Cosa fa dopo l’addio al Watford?

“Sono in stand by e continuo a vivere in Inghilterra, mi aggiorno sul calcio britannico, una miniera per un direttore sportivo”.

La sua esperienza in Premier?

“Molto importante, una esperienza dura ma affascinante; devo ringraziare i Pozzo per avermi consentito confrontarmi in Premier facendomi firmare un biennale, prima di decidere consensualmente di rescindere un mese fa”

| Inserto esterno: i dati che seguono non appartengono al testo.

definition conj_in :: "'a::field mat set \<Rightarrow> 'a mat \<Rightarrow> 'a mat \<Rightarrow> bool" where
  "conj_in G a b \<longleftrightarrow> (\<exists>h\<in>G. \<exists>hi\<in>G. h * hi = 1\<^sub>m (dim_row h) \<and> h * a * hi = b)"

definition same_utype :: "nat \<Rightarrow> nat \<times> 'a::field mat \<Rightarrow> nat \<times> 'a mat \<Rightarrow> bool" where
  "same_utype q x y \<longleftrightarrow> (case x of (n, g) \<Rightarrow> case y of (n', g') \<Rightarrow>
      g \<in> unitary_group q n \<and> g' \<in> unitary_group q n' \<and>
      (\<exists>N \<ge> max n n'. conj_in (unitary_group q N) (embed_mat n N g) (embed_mat n' N g')))"

definition utype :: "nat \<Rightarrow> nat \<Rightarrow> 'a::field mat \<Rightarrow> (nat \<times> 'a mat) set" where
  "utype q n g = {y. same_utype q (n, g) y}"

definition utypes :: "nat \<Rightarrow> 'a::field itself \<Rightarrow> (nat \<times> 'a mat) set set" where
  "utypes q _ = {utype q n g | n g. g \<in> unitary_group q n}"

definition utype_size :: "(nat \<times> 'a::field mat) set \<Rightarrow> nat" where
  "utype_size mu = (SOME r. \<exists>(n, g) \<in> mu. r = vec_space.rank n (g - 1\<^sub>m n))"

text \<open>Coefficient of h in X_{mu,n} X_{nu,n} in the group algebra Z[U_n].\<close>
definition prod_coeff ::
  "nat \<Rightarrow> nat \<Rightarrow> (nat \<times> 'a::field mat) set \<Rightarrow> (nat \<times> 'a mat) set \<Rightarrow> 'a mat \<Rightarrow> nat" where
  "prod_coeff q n mu nu h = card {(a, b). a \<in> unitary_group q n \<and> b \<in> unitary_group q n \<and>
      utype q n a = mu \<and> utype q n b = nu \<and> a * b = h}"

Lei ha lavorato con tre presidenti molto particolari:  Pozzo, Zamparini e Cellino…

“Con loro conservo un ottimo rapporto, anche affettuoso,  lo faccio anche con Gaucci con il quale ho lavorato 10 anni fa.  Sono presidenti con i quali possono esserci state magari delle discussioni durante il lavoro, ma la stima è immutata e solida. Con Cellino, per esempio, abbiamo fatto di tutto, promozioni, salvezze acquisizioni e vendite come Suazo, Matri e altri. Siamo sempre in contatto”.

Italiani in Premier, tanti allenatori  protagonisti. Come li vede?

“L’anno scorso gli allenatori italiani hanno fatto molto bene, non solo in Inghilterra. Partendo da Ranieri che è sulla bocca di tutti, ma penso a Guidolin che è subentrato in corsa ed ha fatto un gran lavoro. Guidolin è una certezza, non aveva bisogno di confermarsi in Premier”

E parte la sfida Conte-Mourinho…

“Due titani della panchina. Conte ha fatto cose incredibili di recente, Mourinho è reduce da un piccolo stop al Chelsea. Sarà una sfida avvincente”.

La Juventus insiste per Matic dal Chelsea, è l’uomo giusto secondo lei?

“Perché?  Lo danno? Non è facile, una grandissimo giocatore, la Juventus farebbe un colpo eccellente, parliamo di un calciatore di struttura, peso e qualità”.

Se dovesse consigliare un giocatore alle italiane ?

“Si è parlato molto di Kantè ora finito al Chelsea, a me piace molto invece l’altro centrocampista del club di Ranieri, Danny Drinkwater, ma difficilmente lo lasceranno partire…”.

La rivedremo presto in pista?

“Vedremo, non è nemmeno detto che succeda. In questo momento sto qui a Londra a vedere calcio, poi non so. A giugno mi aveva chiamato il Palermo, prima dell’arrivo di Foschi, ma ero sotto contratto col Watford e non potevo prendere impegni. E’ andata così”.